= Jane Voss =

English highwayrobber and thief (d. 1684)

Jane Voss alias Jane Roberts (d. 1684), was an English highwayrobber and thief.

She was reputedly born in St Giles-in-the-Fields in London. She engaged in highway robbery with multiple male accomplices, at least seven of whom were executed. She herself was widely known in London, having been brought to court and condemned several times. She was condemned to penal transportation, but returned to London after it was served and continued her criminal career. She plead her belly and stayed imprisoned for a long time. She was finally executed in London on 19 December 1684.

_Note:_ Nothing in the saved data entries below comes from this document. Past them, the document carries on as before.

lemma complex_eq_of_real_if_Re_eq_cmod_le:
  assumes "Re z = r" "cmod z \<le> r"
  shows "z = complex_of_real r"
proof -
  have "(Re z)\<^sup>2 + (Im z)\<^sup>2 \<le> r\<^sup>2"
    using assms power_mono[OF assms(2) norm_ge_zero, of 2] by (simp add: cmod_power2)
  hence "(Im z)\<^sup>2 \<le> 0" using assms(1) by simp
  hence "Im z = 0" by simp
  thus ?thesis using assms(1) by (simp add: complex_eq_iff)
qed

lemma exists_ge_if_sum_ge:
  fixes f :: "'a \<Rightarrow> real"
  assumes "finite A" "A \<noteq> {}" "of_nat (card A) * c \<le> sum f A"
  shows "\<exists>x\<in>A. c \<le> f x"
proof (rule ccontr)
  assume "\<not> ?thesis"
  hence "sum f A < sum (\<lambda>_. c) A" using assms(1,2) by (intro sum_strict_mono) auto
  thus False using assms(3) by simp
qed

lemma eq_bound_if_sum_eq:
  fixes f :: "'a \<Rightarrow> real"
  assumes "finite A" "\<And>x. x \<in> A \<Longrightarrow> f x \<le> c" "sum f A = of_nat (card A) * c" "x \<in> A"
  shows "f x = c"
proof -
  have nonneg: "\<And>y. y \<in> A \<Longrightarrow> 0 \<le> c - f y" using assms(2) by simp
  have "(\<Sum>y\<in>A. c - f y) = 0" using assms(3) by (simp add: sum_subtractf)
  hence "\<forall>y\<in>A. c - f y = 0" using sum_nonneg_eq_0_iff[OF assms(1) nonneg] by simp
  thus ?thesis using assms(4) by simp
qed

lemma E_op_carrier [simp]: "E_op n \<Lambda> F G \<in> carrier_mat n n"
  by (simp add: E_op_def)

lemma E_op_mult_vec:
  assumes "v \<in> carrier_vec n" "\<And>i. i \<in> \<Lambda> \<Longrightarrow> F i \<in> carrier_vec n" "finite \<Lambda>"
  shows "E_op n \<Lambda> F G *\<^sub>v v = vec n (\<lambda>j. \<Sum>i\<in>\<Lambda>. hinner v (F i) * G i $ j)"
proof (rule eq_vecI)
  fix j assume "j < dim_vec (vec n (\<lambda>j. \<Sum>i\<in>\<Lambda>. hinner v (F i) * G i $ j))"
  hence j: "j < n" by simp
  have "(E_op n \<Lambda> F G *\<^sub>v v) $ j = (\<Sum>k<n. (\<Sum>i\<in>\<Lambda>. G i $ j * cnj (F i $ k)) * v $ k)"
    using j assms(1) unfolding E_op_def mult_mat_vec_def scalar_prod_def
    by (auto intro!: sum.cong simp: atLeast0LessThan)
  also have "\<dots> = (\<Sum>i\<in>\<Lambda>. (\<Sum>k<n. v $ k * cnj (F i $ k)) * G i $ j)"
    by (simp add: sum_distrib_left sum_distrib_right sum.swap[of _ \<Lambda>] mult_ac)
  also have "\<dots> = (\<Sum>i\<in>\<Lambda>. hinner v (F i) * G i $ j)"
    using assms(2) by (auto intro!: sum.cong simp: hinner_eq_sum[of _ n])
  finally show "(E_op n \<Lambda> F G *\<^sub>v v) $ j = vec n (\<lambda>j. \<Sum>i\<in>\<Lambda>. hinner v (F i) * G i $ j) $ j"
    using j by simp
qed (simp add: E_op_def)

text \<open>The nonzero eigenvalues of \<open>E_op n \<Lambda> F G\<close> are those of the \<open>\<Lambda> \<times> \<Lambda>\<close> matrix
  \<open>(\<langle>g_i, f_l\<rangle>)\<close>: an eigenvector \<open>v\<close> yields the coefficients \<open>\<langle>v, f_l\<rangle>\<close>, and
  coefficients \<open>a\<close> yield the eigenvector \<open>\<Sum>_i a_i g_i\<close>.\<close>

lemma E_op_eigenvector_coeffs:
  assumes ev: "eigenvector (E_op n \<Lambda> F G) v lam"
    and FC: "\<And>i. i \<in> \<Lambda> \<Longrightarrow> F i \<in> carrier_vec n" and GC: "\<And>i. i \<in> \<Lambda> \<Longrightarrow> G i \<in> carrier_vec n"
    and fin: "finite \<Lambda>"
  shows "\<And>l. F l \<in> carrier_vec n \<Longrightarrow> lam * hinner v (F l) = (\<Sum>i\<in>\<Lambda>. hinner v (F i) * hinner (G i) (F l))"
    and "lam \<noteq> 0 \<Longrightarrow> \<exists>i\<in>\<Lambda>. hinner v (F i) \<noteq> 0"
proof -
  have v: "v \<in> carrier_vec n" and v0: "v \<noteq> 0\<^sub>v n" and Ev: "E_op n \<Lambda> F G *\<^sub>v v = lam \<cdot>\<^sub>v v"
    using ev unfolding eigenvector_def by (auto simp: E_op_def)
  have eq: "lam \<cdot>\<^sub>v v = vec n (\<lambda>k. \<Sum>i\<in>\<Lambda>. hinner v (F i) * G i $ k)"
    using Ev E_op_mult_vec[OF v FC fin] by simp
  show "lam * hinner v (F l) = (\<Sum>i\<in>\<Lambda>. hinner v (F i) * hinner (G i) (F l))"
    if Fl: "F l \<in> carrier_vec n" for l
  proof -
    have "lam * hinner v (F l) = hinner (lam \<cdot>\<^sub>v v) (F l)"
      using v Fl by (simp add: hinner_eq_sum[of _ n] sum_distrib_left mult_ac)
    also have "\<dots> = (\<Sum>i\<in>\<Lambda>. hinner v (F i) * hinner (G i) (F l))"
      unfolding eq by (rule hinner_lincomb_left[OF Fl GC])
    finally show ?thesis .
  qed
  assume l0: "lam \<noteq> 0"
  show "\<exists>i\<in>\<Lambda>. hinner v (F i) \<noteq> 0"
  proof (rule ccontr)
    assume "\<not> ?thesis"
    hence "lam \<cdot>\<^sub>v v = 0\<^sub>v n" unfolding eq by (auto intro!: eq_vecI)
    have "v = 0\<^sub>v n"
    proof (rule eq_vecI)
      fix k assume k: "k < dim_vec (0\<^sub>v n :: complex vec)"
      hence "(lam \<cdot>\<^sub>v v) $ k = 0" using \<open>lam \<cdot>\<^sub>v v = 0\<^sub>v n\<close> by simp
      thus "v $ k = 0\<^sub>v n $ k" using k v l0 by simp
    qed (use v in simp)
    thus False using v0 by simp
  qed
qed
lemma d_inf_attained: "\<exists>i. d_inf x y = \<bar>x$i - y$i\<bar>"
proof -
  have "linf_norm (x - y) \<in> range (\<lambda>i. \<bar>(x - y)$i\<bar>)"
    unfolding linf_norm_def by (rule Max_in) auto
  then show ?thesis by (auto simp: d_inf_def)
qed

lemma d_inf_le: "(\<And>i. \<bar>x$i - y$i\<bar> \<le> c) \<Longrightarrow> d_inf x y \<le> c"
  using d_inf_attained[of x y] by metis

lemma continuous_on_d_inf [continuous_intros]:
  "continuous_on S f \<Longrightarrow> continuous_on S g \<Longrightarrow> continuous_on S (\<lambda>x. d_inf (f x) (g x))"
  unfolding d_inf_eq_infnorm by (intro continuous_intros)

lemma d_inf_geodesic_coordinate:
  assumes "d_inf x z + d_inf z y = d_inf x y"
  obtains k where "\<bar>x$k - z$k\<bar> = d_inf x z" "\<bar>z$k - y$k\<bar> = d_inf z y"
    "0 \<le> (x$k - z$k) * (z$k - y$k)"
proof -
  obtain k where k: "d_inf x y = \<bar>x$k - y$k\<bar>" using d_inf_attained by blast
  have "\<bar>x$k - z$k\<bar> \<le> d_inf x z" "\<bar>z$k - y$k\<bar> \<le> d_inf z y"
    by (rule component_le_d_inf)+
  moreover have "\<bar>x$k - y$k\<bar> \<le> \<bar>x$k - z$k\<bar> + \<bar>z$k - y$k\<bar>" by simp
  ultimately have eq: "\<bar>x$k - z$k\<bar> = d_inf x z" "\<bar>z$k - y$k\<bar> = d_inf z y"
    using k assms by linarith+
  then have "\<bar>(x$k - z$k) + (z$k - y$k)\<bar> = \<bar>x$k - z$k\<bar> + \<bar>z$k - y$k\<bar>"
    using k assms by simp
  then have "0 \<le> (x$k - z$k) * (z$k - y$k)"
    by (cases "0 \<le> x$k - z$k"; cases "0 \<le> z$k - y$k") (auto simp: zero_le_mult_iff)
  with eq show thesis by (rule that)
qed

Jane Voss was famous in her lifetime and was the subject of several pamphlets describing her life and career, the most famous being "The German Princess Revived, or, The London Jilt" (1684), and "True account of the behaviour, confessions, and last dying words, of Capt. James Watts, Capt. Peter Barnwell, Daniel D'Coiner alias Walker, Richard Jones, and Jane Voss alias Roberts who were executed at Tyburn, on the 19th of December 1684. for robbing on the high way, high treason, murther, and fellony, &c. Printed by order, &c." [London: printed by E.R. for R. Turner at the Star in St. Pauls Church-yard, 1684]. She was the subject of several legends about her life.